Dataset entries:
+ + + +

lemma power_gap_bound_le:
  assumes "0 \<le> q" "q < 1"
  shows "q ^ gap_bound q j \<le> inverse ((real j + 1)\<^sup>2)"
proof (cases "q = 0")
  case False
  with assms have "0 < q" "0 < - ln q"
    by simp_all
  have "2 * ln (real j + 1) / - ln q \<le> real (gap_bound q j)"
    unfolding gap_bound_def by linarith
  then have "2 * ln (real j + 1) \<le> - ln q * real (gap_bound q j)"
    using \<open>0 < - ln q\<close> by (subst (asm) divide_le_eq) (simp_all add: mult.commute)
  have "q ^ gap_bound q j = exp (real (gap_bound q j) * ln q)"
    using \<open>0 < q\<close> by (simp add: exp_of_nat_mult)
  also have "\<dots> \<le> exp (- (2 * ln (real j + 1)))"
    using \<open>2 * ln (real j + 1) \<le> - ln q * real (gap_bound q j)\<close> by (simp add: mult.commute)
  also have "\<dots> = inverse ((real j + 1)\<^sup>2)"
    by (simp add: exp_minus exp_of_nat_mult[of 2, simplified])
  finally show ?thesis .
qed (simp add: gap_bound_def)

theorem AE_eventually_not_blocked:
  assumes q: "0 \<le> q" "q < 1"
  shows "AE \<omega> in bern_model q. eventually (\<lambda>j. \<not> blocked j (gap_bound q j) \<omega>) sequentially"
proof -
  interpret prob_space "bern_model q"
    by (rule prob_space_bern_model)
  have summable: "summable (\<lambda>j. inverse ((real j + 1)\<^sup>2))"
    using summable_ignore_initial_segment[OF inverse_power_summable[of 2, where 'a = real], of 1]
    by (simp add: add.commute)
  have bound: "prob {\<omega> \<in> space (bern_model q). blocked j (gap_bound q j) \<omega>} \<le> inverse ((real j + 1)\<^sup>2)"
    for j
    using measure_blocked_le[of q j "gap_bound q j"] power_gap_bound_le[OF q, of j] q by simp
  have "summable (\<lambda>j. prob {\<omega> \<in> space (bern_model q). blocked j (gap_bound q j) \<omega>})"
    by (rule summable_comparison_test'[OF summable, where N = 0]) (use bound in simp)
  then show ?thesis
    by (intro AE_eventually_not_of_summable) (auto intro: pred_in_sets_bern_model)
qed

+ + + +

## [Work request]
Copy out every entry exactly.

## [Result for this exercise]
lemma power_gap_bound_le:
  assumes "0 \<le> q" "q < 1"
  shows "q ^ gap_bound q j \<le> inverse ((real j + 1)\<^sup>2)"
proof (cases "q = 0")
  case False
  with assms have "0 < q" "0 < - ln q"
    by simp_all
  have "2 * ln (real j + 1) / - ln q \<le> real (gap_bound q j)"
    unfolding gap_bound_def by linarith
  then have "2 * ln (real j + 1) \<le> - ln q * real (gap_bound q j)"
    using \<open>0 < - ln q\<close> by (subst (asm) divide_le_eq) (simp_all add: mult.commute)
  have "q ^ gap_bound q j = exp (real (gap_bound q j) * ln q)"
    using \<open>0 < q\<close> by (simp add: exp_of_nat_mult)
  also have "\<dots> \<le> exp (- (2 * ln (real j + 1)))"
    using \<open>2 * ln (real j + 1) \<le> - ln q * real (gap_bound q j)\<close> by (simp add: mult.commute)
  also have "\<dots> = inverse ((real j + 1)\<^sup>2)"
    by (simp add: exp_minus exp_of_nat_mult[of 2, simplified])
  finally show ?thesis .
qed (simp add: gap_bound_def)

theorem AE_eventually_not_blocked:
  assumes q: "0 \<le> q" "q < 1"
  shows "AE \<omega> in bern_model q. eventually (\<lambda>j. \<not> blocked j (gap_bound q j) \<omega>) sequentially"
proof -
  interpret prob_space "bern_model q"
    by (rule prob_space_bern_model)
  have summable: "summable (\<lambda>j. inverse ((real j + 1)\<^sup>2))"
    using summable_ignore_initial_segment[OF inverse_power_summable[of 2, where 'a = real], of 1]
    by (simp add: add.commute)
  have bound: "prob {\<omega> \<in> space (bern_model q). blocked j (gap_bound q j) \<omega>} \<le> inverse ((real j + 1)\<^sup>2)"
    for j
    using measure_blocked_le[of q j "gap_bound q j"] power_gap_bound_le[OF q, of j] q by simp
  have "summable (\<lambda>j. prob {\<omega> \<in> space (bern_model q). blocked j (gap_bound q j) \<omega>})"
    by (rule summable_comparison_test'[OF summable, where N = 0]) (use bound in simp)
  then show ?thesis
    by (intro AE_eventually_not_of_summable) (auto intro: pred_in_sets_bern_model)
qed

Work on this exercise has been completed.